▶ [Required work]:
What is needed is an exact transcription of the line with "theory Defs" and all the lines that follow it in the entries below; add nothing else.

▶ [Source data]:
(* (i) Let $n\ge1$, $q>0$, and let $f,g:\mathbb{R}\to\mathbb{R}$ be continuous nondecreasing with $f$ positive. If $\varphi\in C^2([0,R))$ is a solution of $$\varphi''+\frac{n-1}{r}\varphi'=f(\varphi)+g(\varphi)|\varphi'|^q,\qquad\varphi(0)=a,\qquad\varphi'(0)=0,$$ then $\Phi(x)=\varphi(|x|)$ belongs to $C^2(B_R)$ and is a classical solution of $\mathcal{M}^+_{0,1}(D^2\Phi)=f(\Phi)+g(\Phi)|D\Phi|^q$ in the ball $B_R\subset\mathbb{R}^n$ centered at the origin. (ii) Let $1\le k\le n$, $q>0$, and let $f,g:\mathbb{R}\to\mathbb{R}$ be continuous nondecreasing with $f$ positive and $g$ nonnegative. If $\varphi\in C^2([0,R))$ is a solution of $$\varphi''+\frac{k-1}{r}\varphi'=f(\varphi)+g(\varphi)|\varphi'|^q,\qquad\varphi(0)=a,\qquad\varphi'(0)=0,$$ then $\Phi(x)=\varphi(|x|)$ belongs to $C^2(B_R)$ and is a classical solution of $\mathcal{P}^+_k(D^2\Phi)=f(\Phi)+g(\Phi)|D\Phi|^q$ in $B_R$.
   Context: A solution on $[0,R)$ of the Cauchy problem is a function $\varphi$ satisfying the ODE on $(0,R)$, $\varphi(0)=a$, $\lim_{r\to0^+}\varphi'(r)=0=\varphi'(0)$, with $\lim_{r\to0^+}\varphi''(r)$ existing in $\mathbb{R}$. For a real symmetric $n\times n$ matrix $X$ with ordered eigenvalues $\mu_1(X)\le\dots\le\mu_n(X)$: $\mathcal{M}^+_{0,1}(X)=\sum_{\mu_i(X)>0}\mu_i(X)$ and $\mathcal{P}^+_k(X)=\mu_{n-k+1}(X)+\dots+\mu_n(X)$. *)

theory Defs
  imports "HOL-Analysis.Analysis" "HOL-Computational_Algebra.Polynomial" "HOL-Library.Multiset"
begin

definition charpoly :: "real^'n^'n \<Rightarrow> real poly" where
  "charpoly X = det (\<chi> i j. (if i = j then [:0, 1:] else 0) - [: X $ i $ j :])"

▶ [Exercise solution]:
theory Defs
  imports "HOL-Analysis.Analysis" "HOL-Computational_Algebra.Polynomial" "HOL-Library.Multiset"
begin

definition charpoly :: "real^'n^'n \<Rightarrow> real poly" where
  "charpoly X = det (\<chi> i j. (if i = j then [:0, 1:] else 0) - [: X $ i $ j :])"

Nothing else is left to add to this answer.